Background information
- Birth name: Richard Alan Berk
- Born: May 22, 1939 San Francisco, California, U.S.
- Died: February 8, 2014 (aged 74) Portland, Oregon
- Genres: Jazz
- Occupation: Musician
- Instrument: Drums
- Years active: 1960s–2014
- Labels: Discovery, Trend, Reservoir, Nine Winds
- Website: www.dickberk.com

= Dick Berk =

American jazz drummer (1939–2014)

Richard Alan Berk (May 22, 1939 – February 8, 2014) was an American jazz drummer and bandleader.

==Career==
A native of San Francisco, California, he studied at the Berklee College of Music and played in the Boston area early in the 1960s. In 1962 he moved to New York City and played with Ted Curson and Bill Barron in a quintet from 1962 to 1964. Following this he played with Charles Mingus, Mose Allison, Freddie Hubbard, and Walter Bishop, Jr., among others. He moved to Los Angeles late in the 1960s, where he played with Milt Jackson, Frank Rosolino, George Duke, Cal Tjader, Jean-Luc Ponty, and Blue Mitchell. He founded the Jazz Adoption Agency in the early 1980s, playing into the 2000s; the group included Andy Martin, Mike Fahn, Nick Brignola, Jon Nagorney, Keith Saunders, Tad Weed, and John Patitucci.

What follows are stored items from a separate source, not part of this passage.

lemma shape_imp_turn_curve:
  assumes W: "W2inf L X" and X0: "X 0 = A" and D0: "d1 L X 0 = a" and DL: "d1 L X L = a * cis \<Omega>"
    and "shape Oc P Q R L X"
  shows "\<exists>l m. 0 \<le> l \<and> 0 \<le> m \<and> (l = 0 \<or> m = 0) \<and> L = l + R * \<Omega> + m
    \<and> (\<forall>s\<in>{0..L}. X s = turn_curve l R s)"
proof -
  have R: "0 < R" using assms(5) unfolding shape_def by simp
  consider (arc) "0 < L" "L < R * pi" "arc_on R 0 L X"
    | (arc_seg) l where "0 < l" "l < L" "l < R * pi" "arc_on R 0 l X" "seg_on l L X"
    | (seg_arc) l where "0 < l" "l < L" "L - l < R * pi" "seg_on 0 l X" "arc_on R l L X"
    using assms(5) unfolding shape_def by (auto split: if_splits)
  then show ?thesis
  proof cases
    case arc
    have "L = R * \<Omega>" "\<forall>s\<in>{0..L}. d1 L X s = a * cis (s / R)"
      using d1_on_arc[OF arc(3) W] arc R DL D0 angle_pos angle_less_pi by auto
    then have "\<forall>s\<in>{0..L}. X s = turn_curve 0 R s"
      using R by (intro ballI eq_turn_curve_if_d1[OF W X0]) (auto simp: turn_angle_on_arc)
    then show ?thesis using \<open>L = R * \<Omega>\<close> by (intro exI[of _ 0]) auto
  next
    case arc_seg
    have seg: "d1 L X s = a * cis \<Omega>" if "s \<in> {l..L}" for s
      using d1_const_on_seg[OF arc_seg(5) W _ _ _ that] arc_seg DL by auto
    have l: "l = R * \<Omega>" and arc: "\<forall>s\<in>{0..l}. d1 L X s = a * cis (s / R)"
      using d1_on_arc[OF arc_seg(4) W] arc_seg R seg[of l] D0 angle_pos angle_less_pi by auto
    have "d1 L X s = a * cis (turn_angle 0 R s)" if "s \<in> {0..L}" for s
      using that R seg[of s] arc l by (cases "s \<le> l") (auto simp: turn_angle_on_arc turn_angle_after)
    then have "\<forall>s\<in>{0..L}. X s = turn_curve 0 R s"
      by (intro ballI eq_turn_curve_if_d1[OF W X0])
    then show ?thesis using l arc_seg(2) by (intro exI[of _ "0::real"] exI[of _ "L - l"]) auto
  next
    case seg_arc
    have seg: "d1 L X s = a" if "s \<in> {0..l}" for s
      using d1_const_on_seg[OF seg_arc(4) W _ _ _ that] d1_const_on_seg[OF seg_arc(4) W, of 0]
        seg_arc D0 by auto
    have l: "L - l = R * \<Omega>" and arc: "\<forall>s\<in>{l..L}. d1 L X s = a * cis ((s - l) / R)"
      using d1_on_arc[OF seg_arc(5) W] seg_arc R seg[of l] DL angle_pos angle_less_pi by auto
    have "d1 L X s = a * cis (turn_angle l R s)" if "s \<in> {0..L}" for s
      using that R seg[of s] arc l seg_arc(1)
      by (cases "s \<le> l") (auto simp: turn_angle_on_arc turn_angle_before)
    then have "\<forall>s\<in>{0..L}. X s = turn_curve l R s"
      by (intro ballI eq_turn_curve_if_d1[OF W X0])
    then show ?thesis using l seg_arc(1) by (intro exI[of _ l] exI[of _ 0]) auto
  qed
qed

He died in 2014 at the age of 74.

==Discography==
===As leader===
- Rare One (Discovery, 1983)
- Big Jake (Discovery, 1984)
- More Birds Less Feathers (Discovery, 1986)
- Music of Rodgers & Hart (Trend, 1988)
- Let's Cool One (Reservoir, 1991)
- Bouncin' With Berk (Nine Winds, 1991)
- East Coast Stroll (Reservoir, 1993)
- One by One (Reservoir, 1995)

===As sideman===
With Walter Bishop, Jr.
- Bish Bash (Xanadu, 1964 [1975])
With Ted Curson
- Tears for Dolphy, (Fontana, 1964)
- Flip Top (Freedom, 1964 [1977])
- The New Thing & the Blue Thing (Atlantic, 1965)
With Don Friedman
- Flashback (Riverside, 1963)
- Dreams and Explorations (Riverside, 1964)
With Milt Jackson
- That's the Way It Is (Impulse!, 1969)
- Just the Way It Had to Be (Impulse!, 1969)
With Jean Luc Ponty-George Duke
- The Jean Ponty Experience with the George Duke Trio (EMI, 1969)

With Blue Mitchell
- Stablemates (Candid, 1977)
With Cal Tjader
- Tjader (Fantasy, 1971)
- Agua Dulce (Fantasy, 1971)
- Live at The Funky Quarters (Fantasy, 1972)
- Puttin It Together (Fantasy, 1973)
- Last Bolero in Berkeley (Fantasy, 1973)
- Tambu (Fantasy, 1974)
- Last Night When We Were Young (Fantasy, 1975)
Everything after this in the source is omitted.